Aetiology and outcome of non-traumatic coma in African children: protocol for a systematic review and meta-analysis

Stephen T J Ray 1,2,3, Charlotte Fuller 2,3,4, Alexandra Boubour 3,5, Laura J Bonnett 6, David G Lalloo 7, Karl B Seydel 2,3,8,, Michael J Griffiths 1,9,10,
PMCID: PMC8556005  PMID: 34715918

Abstract

Background

Non-traumatic coma is a common acute childhood presentation to healthcare facilities in Africa and is associated with high morbidity and mortality. Historically, the majority of cases were attributed to cerebral malaria (CM). With the recent drastic reduction in malaria incidence, non-malarial coma is becoming a larger proportion of cases and determining the aetiology is diagnostically challenging, particularly in resource-limited settings. The purpose of this study will be to evaluate the aetiology and prognosis of non-traumatic coma in African children.

Methods

With no date restrictions, systematic searches of MEDLINE, Embase, and Scopus will identify prospective and retrospective studies (including randomised controlled trials, cluster randomised trials, cohort studies, cross-sectional, and case-control studies) recruiting children (1 month–16 years) with non-traumatic coma (defined by Blantyre Coma Score ≤ 2 or comparable alternative) from any African country. Disease-specific studies will be included if coma is associated and reported. The primary outcome is to determine the aetiology (infectious and non-infectious) of non-traumatic coma in African children, with pooled prevalence estimates of causes (e.g., malaria). Secondary outcomes are to determine overall estimates of morbidity and mortality of all-cause non-traumatic coma and disease-specific states of non-traumatic coma, where available. Random effects meta-analysis will summarise aetiology data and in-hospital and post-discharge mortality. Heterogeneity will be quantified with τ2, I2, and Cochran’s Q test.

Discussion

This systematic review will provide a summary of the best available evidence on the aetiology and outcome of non-traumatic coma in African children.

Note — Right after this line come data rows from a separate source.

section \<open>Localizations and well-centered overrings\<close>

lemma localization_imp_well_centered:
  assumes A: "is_subring A" and L: "is_localization A B"
  shows "well_centered A B"
  unfolding well_centered_def
proof
  fix b assume "b \<in> B"
  obtain S where S: "S \<subseteq> A - {0}" "1 \<in> S" and B_eq: "B = {a / s | a s. a \<in> A \<and> s \<in> S}"
    using L unfolding is_localization_def by blast
  then obtain a s where a: "a \<in> A" and s: "s \<in> S" and b_eq: "b = a / s" using \<open>b \<in> B\<close> by blast
  have s0: "s \<noteq> 0" and sA: "s \<in> A" using S s by auto
  have "s \<in> B" unfolding B_eq
    by (rule CollectI, rule exI[of _ s], rule exI[of _ 1]) (simp add: sA S(2))
  moreover have "inverse s \<in> B" unfolding B_eq
    by (rule CollectI, rule exI[of _ 1], rule exI[of _ s]) (simp add: s subring_1[OF A] divide_inverse)
  ultimately have "ring_unit B s" using s0 by (simp add: ring_unit_def)
  moreover have "s * b \<in> A" using a s0 b_eq by simp
  ultimately show "\<exists>u. ring_unit B u \<and> u * b \<in> A" by blast
qed

lemma well_centered_imp_almost_well_centered:
  assumes "well_centered A B"
  shows "almost_well_centered A B"
  unfolding almost_well_centered_def
proof
  fix b assume "b \<in> B"
  with assms obtain u where "ring_unit B u" "u * b \<in> A" unfolding well_centered_def by blast
  then show "\<exists>n::nat. \<exists>u. 0 < n \<and> ring_unit B u \<and> u * b ^ n \<in> A"
    by (intro exI[of _ "1::nat"] exI[of _ u]) simp
qed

Systematic review registration

PROSPERO CRD42020141937

Supplementary Information

The online version contains supplementary material available at 10.1186/s13643-021-01796-1.

Keywords: Coma, Non-traumatic, Aetiology, Children, Africa

Background

Non-traumatic coma is a common acute childhood presentation to healthcare facilities throughout Africa. Infectious causes of deep coma (defined as Blantyre Coma Scale (BCS) ≤ 2) include cerebral malaria (CM), acute bacterial meningitis (ABM), viral encephalitides, and HIV-associated opportunistic pathogens, such as tuberculosis and cryptococcal disease [13]. Non-infectious causes of deep coma include metabolic abnormalities and toxins [13]. In malaria-endemic regions, CM is diagnosed in children with coma and peripheral malaria parasitaemia with no other identifiable cause [1]. Limited diagnostic resources in many African settings and the phenomenon of asymptomatic malaria parasitaemia have rendered the alternate diagnoses of childhood coma under-described, resulting in a poor epidemiological understanding of this clinical presentation [4, 5]. A study in Kenya revealed that less than half of children admitted with acute non-traumatic coma had an identified cause [6]. With the recent drastic reduction in malaria incidence, it is postulated that non-malarial coma represents a larger proportion of coma cases [6]. Non-traumatic coma in children is associated with high mortality (15–58%) and significant neurological sequelae (31–68%) [79]. The long-term effects of coma on cognition and educational achievement are less commonly described, and existing literature primarily focuses on CM [10, 11]. These effects, including neurological impairment in cognitive and motor function, play an important role in the socioeconomic development of low-resource countries [12].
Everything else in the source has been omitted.